Stored data:
"""
inductive step ::
  "nat \<Rightarrow> 's \<Rightarrow> (nat \<Rightarrow> 'c \<Rightarrow> 's \<Rightarrow> 'c \<times> 's) \<Rightarrow> ('s set \<Rightarrow> 's)
   \<Rightarrow> (nat \<Rightarrow> (nat \<Rightarrow> 's set option) \<Rightarrow> nat \<Rightarrow> 's \<Rightarrow> bool)
   \<Rightarrow> ('s, 'c) gstate \<Rightarrow> ('s, 'c) gstate \<Rightarrow> bool"
  for N t R combine crit
where
  crash: "\<lbrakk> i < N; alive \<sigma> i; card {j. j < N \<and> \<not> alive \<sigma> j} < maxfail N \<rbrakk>
    \<Longrightarrow> step N t R combine crit \<sigma> (\<sigma>\<lparr>alive := (alive \<sigma>)(i := False)\<rparr>)"
| timeout: "\<lbrakk> i < N; alive \<sigma> i; T = Suc (aterm \<sigma> i); avoted \<sigma> i T = None \<rbrakk>
    \<Longrightarrow> step N t R combine crit \<sigma> (\<sigma>\<lparr>aterm := (aterm \<sigma>)(i := T),
          arole := (arole \<sigma>)(i := Candidate),
          avoted := (avoted \<sigma>)(i := (avoted \<sigma> i)(T := Some i)),
          lph := (lph \<sigma>)(i := LNone),
          msgs := msgs \<sigma> \<union> {RequestVote T i, Vote T i i}\<rparr>)"
| vote: "\<lbrakk> i < N; alive \<sigma> i; RequestVote T j \<in> msgs \<sigma>; aterm \<sigma> i < T; avoted \<sigma> i T = None \<rbrakk>
    \<Longrightarrow> step N t R combine crit \<sigma> (\<sigma>\<lparr>aterm := (aterm \<sigma>)(i := T),
          arole := (arole \<sigma>)(i := Worker),
          avoted := (avoted \<sigma>)(i := (avoted \<sigma> i)(T := Some j)),
          lph := (lph \<sigma>)(i := LNone),
          msgs := msgs \<sigma> \<union> {Vote T i j}\<rparr>)"
| elect: "\<lbrakk> i < N; alive \<sigma> i; arole \<sigma> i = Candidate; quorum N A;
            \<forall>j\<in>A. Vote (aterm \<sigma> i) j i \<in> msgs \<sigma> \<rbrakk>
    \<Longrightarrow> step N t R combine crit \<sigma> (\<sigma>\<lparr>arole := (arole \<sigma>)(i := Leader),
          lph := (lph \<sigma>)(i := (if aterm \<sigma> i = 1 then LTask else LAck)),
          msgs := msgs \<sigma> \<union> {if aterm \<sigma> i = 1 then Task (aterm \<sigma> i) t i
                               else NewTerm (aterm \<sigma> i) i}\<rparr>)"
| task: "\<lbrakk> i < N; alive \<sigma> i; Task T t' j \<in> msgs \<sigma>; aterm \<sigma> i = T;
           R i (actx \<sigma> i) t' = (c', s) \<rbrakk>
    \<Longrightarrow> step N t R combine crit \<sigma> (\<sigma>\<lparr>actx := (actx \<sigma>)(i := c'),
          msgs := msgs \<sigma> \<union> {Solution T i s j}\<rparr>)"
| collect_sol: "\<lbrakk> i < N; alive \<sigma> i; arole \<sigma> i = Leader; lph \<sigma> i = LTask; quorum N A; i \<in> A;
                  \<forall>j\<in>A. Solution (aterm \<sigma> i) j (g j) i \<in> msgs \<sigma> \<rbrakk>
    \<Longrightarrow> step N t R combine crit \<sigma> (\<sigma>\<lparr>lround := (lround \<sigma>)(i := 1),
          lph := (lph \<sigma>)(i := LRefine),
          msgs := msgs \<sigma> \<union> {RefmSet (aterm \<sigma> i) 1 (g ` A) i}\<rparr>)"
| refine: "\<lbrakk> i < N; alive \<sigma> i; RefmSet T r Rb j \<in> msgs \<sigma>; aterm \<sigma> i = T;
             arterm \<sigma> i < T \<or> around \<sigma> i \<le> r;
             R i (actx \<sigma> i) (combine Rb) = (c', r') \<rbrakk>
    \<Longrightarrow> step N t R combine crit \<sigma> (\<sigma>\<lparr>arefm := (arefm \<sigma>)(i := Some Rb),
          arterm := (arterm \<sigma>)(i := T),
          around := (around \<sigma>)(i := r),
          actx := (actx \<sigma>)(i := c'),
          msgs := msgs \<sigma> \<union> {Refm T i r r' j}\<rparr>)"
| collect_refm: "\<lbrakk> i < N; alive \<sigma> i; arole \<sigma> i = Leader; lph \<sigma> i = LRefine; quorum N A;
                   \<forall>j\<in>A. Refm (aterm \<sigma> i) j (lround \<sigma> i) (g j) i \<in> msgs \<sigma> \<rbrakk>
    \<Longrightarrow> step N t R combine crit \<sigma> (\<sigma>\<lparr>
          rsets := (rsets \<sigma>)(aterm \<sigma> i := (rsets \<sigma> (aterm \<sigma> i))(lround \<sigma> i := Some (g ` A))),
          lround := (lround \<sigma>)(i := Suc (lround \<sigma> i)),
          msgs := msgs \<sigma> \<union> {RefmSet (aterm \<sigma> i) (Suc (lround \<sigma> i)) (g ` A) i}\<rparr>)"
  \<comment> \<open>refinement decision engine: output a solution of round k once round k+1 is collected,
      at most one per round, subject to the user criterion crit\<close>
| output_sol: "\<lbrakk> i < N; alive \<sigma> i; arole \<sigma> i = Leader; aterm \<sigma> i = T;
             rsets \<sigma> T k = Some Rk; rsets \<sigma> T (Suc k) \<noteq> None; s \<in> Rk;
             \<not> outd \<sigma> T k; crit T (rsets \<sigma> T) k s \<rbrakk>
    \<Longrightarrow> step N t R combine crit \<sigma> (\<sigma>\<lparr>outputs := insert s (outputs \<sigma>),
          outd := (outd \<sigma>)(T := (outd \<sigma> T)(k := True))\<rparr>)"
| ack: "\<lbrakk> i < N; alive \<sigma> i; NewTerm T j \<in> msgs \<sigma>; aterm \<sigma> i \<le> T \<rbrakk>
    \<Longrightarrow> step N t R combine crit \<sigma> (\<sigma>\<lparr>aterm := (aterm \<sigma>)(i := T),
          arole := (arole \<sigma>)(i := (if i = j then arole \<sigma> i else Worker)),
          lph := (lph \<sigma>)(i := (if i = j then lph \<sigma> i else LNone)),
          msgs := msgs \<sigma> \<union> {NewTermAck T (arterm \<sigma> i) i (around \<sigma> i) (arefm \<sigma> i) j}\<rparr>)"
| collect_ack: "\<lbrakk> i < N; alive \<sigma> i; arole \<sigma> i = Leader; lph \<sigma> i = LAck; quorum N A;
                  \<forall>j\<in>A. NewTermAck (aterm \<sigma> i) (ot j) j (rd j) (rs j) i \<in> msgs \<sigma>;
                  k \<in> A; \<forall>j\<in>A. ot j < ot k \<or> (ot j = ot k \<and> rd j \<le> rd k);
                  rs k = Some Rb \<rbrakk>
    \<Longrightarrow> step N t R combine crit \<sigma> (\<sigma>\<lparr>lround := (lround \<sigma>)(i := 1),
          lph := (lph \<sigma>)(i := LRefine),
          msgs := msgs \<sigma> \<union> {RefmSet (aterm \<sigma> i) 1 Rb i}\<rparr>)"
| collect_ack_none: "\<lbrakk> i < N; alive \<sigma> i; arole \<sigma> i = Leader; lph \<sigma> i = LAck; quorum N A;
                  \<forall>j\<in>A. NewTermAck (aterm \<sigma> i) (ot j) j (rd j) (rs j) i \<in> msgs \<sigma>;
                  k \<in> A; \<forall>j\<in>A. ot j < ot k \<or> (ot j = ot k \<and> rd j \<le> rd k);
                  rs k = None \<rbrakk>
    \<Longrightarrow> step N t R combine crit \<sigma> (\<sigma>\<lparr>lph := (lph \<sigma>)(i := LTask),
          msgs := msgs \<sigma> \<union> {Task (aterm \<sigma> i) t i}\<rparr>)"

definition reachable ::
  "nat \<Rightarrow> 's \<Rightarrow> (nat \<Rightarrow> 'c \<Rightarrow> 's \<Rightarrow> 'c \<times> 's) \<Rightarrow> ('s set \<Rightarrow> 's)
   \<Rightarrow> (nat \<Rightarrow> (nat \<Rightarrow> 's set option) \<Rightarrow> nat \<Rightarrow> 's \<Rightarrow> bool) \<Rightarrow> (nat \<Rightarrow> 'c)
   \<Rightarrow> ('s, 'c) gstate \<Rightarrow> bool" where
  "reachable N t R combine crit ctx0 \<sigma> \<longleftrightarrow> (step N t R combine crit)\<^sup>*\<^sup>* (init_state ctx0) \<sigma>"

definition individual :: "('s, 'c) gstate \<Rightarrow> nat \<Rightarrow> 's \<Rightarrow> bool" where
  "individual \<sigma> i s \<longleftrightarrow> (\<exists>T j. Solution T i s j \<in> msgs \<sigma>)"

definition majority_optimal ::
  "nat \<Rightarrow> 's \<Rightarrow> ('s \<Rightarrow> 's \<Rightarrow> real) \<Rightarrow> ('s, 'c) gstate \<Rightarrow> 's \<Rightarrow> bool" where
  "majority_optimal N t Q \<sigma> s' \<longleftrightarrow>
     (\<exists>M g. quorum N M \<and> (\<forall>i\<in>M. individual \<sigma> i (g i)) \<and> s' \<in> g ` M \<and>
            (\<forall>i\<in>M. Q t (g i) \<le> Q t s'))"

end

theory Submission
  imports Defs
begin

text \<open>Call a solution valid if it is at least as good as some majority optimal solution,
  and a refinement set valid if it is finite and contains a valid solution. The first
  refinement set of a term consists of the individual solutions of a quorum, so its best
  element is itself majority optimal. By the Reasoning Refinement assumption every
  refinement of a valid set is valid; leader changes and stored refmsets only forward sets
  that were broadcast before; and outputs are taken from collected refinement sets, whose
  elements are refinements. Validity only depends on which individual solutions have been
  sent, and sent messages are never forgotten, so these facts form an inductive invariant.\<close>

lemma quorum_finite: "quorum N A \<Longrightarrow> finite A"
  unfolding quorum_def using finite_subset by blast

lemma quorum_nonempty: "quorum N A \<Longrightarrow> A \<noteq> {}"
  unfolding quorum_def by auto

definition refinement_valid :: "nat \<Rightarrow> 's \<Rightarrow> ('s \<Rightarrow> 's \<Rightarrow> real) \<Rightarrow> ('s, 'c) gstate \<Rightarrow> 's \<Rightarrow> bool" where
  "refinement_valid N t Q \<rho> s \<longleftrightarrow> (\<exists>s'. majority_optimal N t Q \<rho> s' \<and> Q t s' \<le> Q t s)"

definition valid_refmset :: "nat \<Rightarrow> 's \<Rightarrow> ('s \<Rightarrow> 's \<Rightarrow> real) \<Rightarrow> ('s, 'c) gstate \<Rightarrow> 's set \<Rightarrow> bool" where
  "valid_refmset N t Q \<rho> S \<longleftrightarrow> finite S \<and> (\<exists>s\<in>S. refinement_valid N t Q \<rho> s)"

lemma majority_optimal_mono:
  "msgs \<rho> \<subseteq> msgs \<rho>' \<Longrightarrow> majority_optimal N t Q \<rho> s \<Longrightarrow> majority_optimal N t Q \<rho>' s"
  unfolding majority_optimal_def individual_def by blast

lemma refinement_valid_mono:
  "msgs \<rho> \<subseteq> msgs \<rho>' \<Longrightarrow> refinement_valid N t Q \<rho> s \<Longrightarrow> refinement_valid N t Q \<rho>' s"
  unfolding refinement_valid_def by (meson majority_optimal_mono)

lemma valid_refmset_mono:
  "msgs \<rho> \<subseteq> msgs \<rho>' \<Longrightarrow> valid_refmset N t Q \<rho> S \<Longrightarrow> valid_refmset N t Q \<rho>' S"
  unfolding valid_refmset_def by (meson refinement_valid_mono)

lemma valid_refmset_solutions:
  assumes "quorum N A" and "\<forall>j\<in>A. Solution T j (g j) l \<in> msgs \<rho>"
  shows "valid_refmset N t Q \<rho> (g ` A)"
proof -
  have "finite A" "A \<noteq> {}" using assms(1) by (simp_all add: quorum_finite quorum_nonempty)
  then have "Max ((\<lambda>j. Q t (g j)) ` A) \<in> (\<lambda>j. Q t (g j)) ` A" by simp
  then obtain m where "m \<in> A" and "Q t (g m) = Max ((\<lambda>j. Q t (g j)) ` A)" by auto
  with \<open>finite A\<close> have "\<forall>j\<in>A. Q t (g j) \<le> Q t (g m)" by simp
  with \<open>m \<in> A\<close> have "majority_optimal N t Q \<rho> (g m)"
    unfolding majority_optimal_def individual_def using assms by blast
  then show ?thesis
    unfolding valid_refmset_def refinement_valid_def using \<open>finite A\<close> \<open>m \<in> A\<close> by blast
qed

lemma refinement_valid_if_dominates:
  assumes "valid_refmset N t Q \<rho> S" and "\<forall>s0\<in>S. Q t s0 \<le> Q t s"
  shows "refinement_valid N t Q \<rho> s"
  using assms unfolding valid_refmset_def refinement_valid_def by (meson order_trans)

lemma step_msgs_mono: "step N t R combine crit \<sigma> \<sigma>' \<Longrightarrow> msgs \<sigma> \<subseteq> msgs \<sigma>'"
  by (induction rule: step.induct) auto

fun valid_msg :: "nat \<Rightarrow> 's \<Rightarrow> ('s \<Rightarrow> 's \<Rightarrow> real) \<Rightarrow> ('s, 'c) gstate \<Rightarrow> 's msg \<Rightarrow> bool" where
  "valid_msg N t Q \<rho> (RefmSet T r S j) = valid_refmset N t Q \<rho> S"
| "valid_msg N t Q \<rho> (Refm T i r s j) = refinement_valid N t Q \<rho> s"
| "valid_msg N t Q \<rho> (NewTermAck T ot i rd (Some S) j) = valid_refmset N t Q \<rho> S"
| "valid_msg N t Q \<rho> _ = True"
"""
From the very first line of the data through the line with "i); avoted \<sigma> i T = None \<rbrakk>" in it, please reproduce each line exactly and output nothing more.

inductive step ::
  "nat \<Rightarrow> 's \<Rightarrow> (nat \<Rightarrow> 'c \<Rightarrow> 's \<Rightarrow> 'c \<times> 's) \<Rightarrow> ('s set \<Rightarrow> 's)
   \<Rightarrow> (nat \<Rightarrow> (nat \<Rightarrow> 's set option) \<Rightarrow> nat \<Rightarrow> 's \<Rightarrow> bool)
   \<Rightarrow> ('s, 'c) gstate \<Rightarrow> ('s, 'c) gstate \<Rightarrow> bool"
  for N t R combine crit
where
  crash: "\<lbrakk> i < N; alive \<sigma> i; card {j. j < N \<and> \<not> alive \<sigma> j} < maxfail N \<rbrakk>
    \<Longrightarrow> step N t R combine crit \<sigma> (\<sigma>\<lparr>alive := (alive \<sigma>)(i := False)\<rparr>)"
| timeout: "\<lbrakk> i < N; alive \<sigma> i; T = Suc (aterm \<sigma> i); avoted \<sigma> i T = None \<rbrakk>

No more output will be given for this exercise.